Todas as promessas dos bravos militares que devolveram a liberdade ao povo português foram cumpridas. E até, quer-me parecer, têm sido paulatinamente desmontadas, peça a peça, com meticulosa eficiência.
O 25 de Abril foi.
Já não é.
É uma data. Como o 5 de Outubro.
Para se comemorar devia haver um projecto, um desígnio a cumprir, um sonho a concretizar. Sempre que assim foi, o povo interessou-se e lutou por atingir os objectivos.
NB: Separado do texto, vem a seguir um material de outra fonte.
(* Let $s,k$ be job indices and let $S$ be an $(s,k)$-schedule (with the earliest-deadline property) with $C_{\max}(S)=t$. Suppose $[u,t)$ is a fixed segment of $S$. Then every job $i\le k$ with $u<C_i(S)\le t$ satisfies $C_i(S)=C^{\mathrm{edf}}_{s,i}$.
   Context: Time is discrete (slots $[t,t+1)$). There are $n$ jobs, job $j$ with integer processing time $p_j\ge1$, release time $r_j$, deadline $d_j$; jobs are indexed so that $d_1<\dots<d_n$, release times are pairwise distinct, and the instance is feasible. A (partial) schedule assigns to each slot at most one job so that each job it schedules receives exactly $p_j$ slots within $[r_j,d_j)$; $C_j(S)$ is the completion time of $j$ and $C_{\max}(S)=\max_jC_j(S)$. The earliest-deadline property: whenever $S$ is busy at slot $t$, it executes the released, not yet completed scheduled job with smallest deadline; all schedules are assumed to have this property. For $s\in\{1,\dots,n\}$, $k\in\{0,\dots,n\}$, an $(s,k)$-schedule is a schedule $S$ with $C_{\max}(S)\le d_k$ that schedules exactly the jobs $j\le k$ with $r_s\le r_j<C_{\max}(S)$ (the empty schedule counts, with $C_{\max}=r_s$). For $r_i\ge r_s$, $C^{\mathrm{edf}}_{s,i}$ is the minimum completion time of job $i$ over all $(s,i)$-schedules that schedule $i$. An interval $[t',t)$ in which $S$ is busy at every slot is a fixed segment of $S$ if every job executed by $S$ in $[t',t)$ is released in $[t',t)$ and has all its slots in $[t',t)$. *)

theory Defs
  imports Main
begin

(* Jobs are 1..n; p r d :: nat => nat give processing time, release time, deadline.
   Time slots are natural numbers; slot t is the interval [t,t+1).
   A (partial) schedule is a map S :: nat => nat option assigning to each slot at most one job. *)

definition jobs_of :: "(nat \<Rightarrow> nat option) \<Rightarrow> nat set" where
  "jobs_of S = {j. \<exists>t. S t = Some j}"
lemma pair_subsetsD:
  assumes "J \<in> pair_subsets n B"
  shows "J \<subseteq> {1..n}" "gen_pairs J \<subseteq> B" "finite J" "0 \<notin> J" "card J \<le> n"
  using assms card_mono[of "{1..n}" J] by (auto simp: pair_subsets_def intro: finite_subset)

lemma card_gens_Diff_gen_pairs:
  assumes "J \<in> pair_subsets n B"
  shows "card (B \<inter> gens n) = card ((B - gen_pairs J) \<inter> gens n) + 2 * card J"
proof -
  note J = pair_subsetsD[OF assms]
  have sub: "gen_pairs J \<subseteq> B \<inter> gens n" using J gen_pairs_subset_gens by auto
  have "(B - gen_pairs J) \<inter> gens n = (B \<inter> gens n) - gen_pairs J" by auto
  then show ?thesis
    using card_Diff_subset[OF _ sub] card_mono[OF _ sub] card_gen_pairs[OF J(3,4)] J(3) by simp
qed

text \<open>Each pair \<open>x\<grave>\<^sub>2\<^sub>j\<^sub>-\<^sub>1x\<grave>\<^sub>2\<^sub>j\<close> is even: a generator outside the pairs is
  smaller than both or larger than both of its members, so inversions come in twos.\<close>

lemma gsign_gen_pairs:
  assumes "finite D" "finite J" "0 \<notin> J" "D \<inter> gen_pairs J = {}"
  shows "gsign (gen_pairs J) D = 1"
proof -
  let ?S = "{(a, b). a \<in> gen_pairs J \<and> b \<in> D \<and> b < a}"
  have "?S = (\<lambda>(b, a). (a, b)) ` (SIGMA b:D. {a \<in> gen_pairs J. b < a})" by auto
  then have "card ?S = card (SIGMA b:D. {a \<in> gen_pairs J. b < a})"
    by (metis (no_types, lifting) card_image inj_on_def old.prod.case prod.inject prod.collapse)
  also have "\<dots> = (\<Sum>b\<in>D. card {a \<in> gen_pairs J. b < a})"
    using assms(1,2) by (intro card_SigmaI) auto
  also have "\<dots> = (\<Sum>b\<in>D. 2 * card {j \<in> J. b < 2*j - 1})"
  proof (rule sum.cong[OF refl])
    fix b assume "b \<in> D"
    then have b: "\<forall>j\<in>J. b \<noteq> 2*j - 1 \<and> b \<noteq> 2*j"
      using assms(4) by (auto simp: gen_pairs_def gen_pair_def)
    have "{a \<in> gen_pairs J. b < a} = gen_pairs {j \<in> J. b < 2*j - 1}"
    proof
      show "{a \<in> gen_pairs J. b < a} \<subseteq> gen_pairs {j \<in> J. b < 2*j - 1}"
      proof
        fix a assume "a \<in> {a \<in> gen_pairs J. b < a}"
        then obtain j where j: "j \<in> J" "a \<in> gen_pair j" "b < a" by (auto simp: gen_pairs_def)
        with b have "b < 2*j - 1" by (auto simp: gen_pair_def)
        with j show "a \<in> gen_pairs {j \<in> J. b < 2*j - 1}" by (auto simp: gen_pairs_def)
      qed
    qed (auto simp: gen_pairs_def gen_pair_def)
    then show "card {a \<in> gen_pairs J. b < a} = 2 * card {j \<in> J. b < 2*j - 1}"
      using card_gen_pairs[of "{j \<in> J. b < 2*j - 1}"] assms(2,3) by auto
  qed
  finally have "even (card ?S)" by (simp add: sum_distrib_left[symmetric])
  then show ?thesis by (simp add: gsign_def)
qed
lemma bfs_final_all_expanded:
  assumes "finite E" "bfs_final E s ts st"
  shows "state_inv E s ts st" "\<forall>a < length (recs st). expanded E st a"
  using loop_inv_reachable[OF assms(1)] assms(2) by (auto simp: bfs_final_def loop_inv_def)

lemma min_level_tree_path_shortest:
  assumes st: "state_inv E s ts st" and expanded: "\<forall>a < length (recs st). expanded E st a"
    and min: "min_level_occ st v i" and "v \<noteq> s"
  shows "\<exists>P. tree_path st i P \<and> shortest_temporal_path E ts s v P"
proof -
  have i: "i < length (recs st)" "rv (recs st ! i) = v"
    "\<forall>j < length (recs st). rv (recs st ! j) = v \<longrightarrow> rlev (recs st ! i) \<le> rlev (recs st ! j)"
    using min by (simp_all add: min_level_occ_def)
  have "rv (recs st ! 0) = s" using st by (simp add: state_inv_def)
  then have "i \<noteq> 0" using i(2) \<open>v \<noteq> s\<close> by (cases "i = 0") simp_all
  then obtain P where P: "tree_path st i P" "length P = rlev (recs st ! i)" "temporal_path E ts s v P"
    using tree_path_temporal_path[OF st i(1)] i(2) by auto
  moreover have "length P \<le> length Q" if Q: "temporal_path E ts s v Q" for Q
  proof -
    obtain b where b: "b < length (recs st)" "rv (recs st ! b) = v" "rlev (recs st ! b) \<le> length Q"
      using reached_along_temporal_path[OF st expanded Q] unfolding reached_def by blast
    then have "rlev (recs st ! i) \<le> rlev (recs st ! b)" using i(3) by blast
    then show ?thesis using P(2) b(3) by simp
  qed
  ultimately show ?thesis unfolding shortest_temporal_path_def by blast
qed

lemma no_temporal_path_if_not_occurs:
  assumes st: "state_inv E s ts st" and expanded: "\<forall>a < length (recs st). expanded E st a"
    and "\<not> occurs st v"
  shows "\<not> (\<exists>P. temporal_path E ts s v P)"
  using reached_along_temporal_path[OF st expanded] assms(3) unfolding occurs_def reached_def by blast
Desde a conquista do território, a empresa dos descobrimentos, a reconquista da independência, a instauração da República, a liberdade que a ditadura cerceava.
Desmantelado o Serviço Nacional de Saúde, que se tornou um quebra-cabeças de taxas e códigos e esperas asfixiantes para consultas e exames; desmaterializado o projecto de ensino gratuito e tendo-se nivelado por baixo a exigência na cultura; desnorteada a Justiça que perdeu a ampulheta ou lá que mecanismo usa para medir os prazos; reduzida a informação a notícias repetitivas de tiros e facadas, onde está o projecto?
O único objectivo disponível e lógico é atingir a pobreza completa. A do espírito e a dos bens.
Ficamos pobres.
Mas ainda não o suficiente. É preciso que sejamos todos totalmente pobres.
É esse o desígnio?
É essa a luta que se segue?
Conheço alguém que respondeu ao meu conselho para poupar esforços pela sua saúde que lhe era impossível - ando aos frangos!
Perante os meus olhos redondos, explicou que trabalhava numa empresa que tinha aviários em todo o país e era preciso apanhar os frangos, que fugiam muito.....e ganhava o salário mínimo. Uma outra que não podia perder peso porque trabalhava sentada, sempre sentada, pintando olhos e bocas em imagens da senhora de Fátima.....só olhos e bocas há mais de vinte anos! E também pelo salário mínimo.
Quando todos ganharmos o salário mínimo, comemoremos.
Até lá, é reduzir o sonho à proporção dos olhos e bocas e apanhar os frangos que fogem.....
É urgente um novo 25 de qualquer mês para restaurar o sonho!
Liberdade
Viemos com o peso do passado e da semente
esperar tantos anos torna tudo mais urgente
e a sede de uma espera só se ataca na torrente
e a sede de uma espera só se ataca na torrente
Vivemos tantos anos a falar pela calada
só se pode querer tudo quanto não se teve nada
só se quer a vida cheia quem teve vida parada
só se quer a vida cheia quem teve vida parada
Só há liberdade a sério quando houver
a paz o pão
habitação
saúde educação
só há liberdade a sério quando houver
liberdade de mudar e decidir
quando pertencer ao povo o que o povo produzir.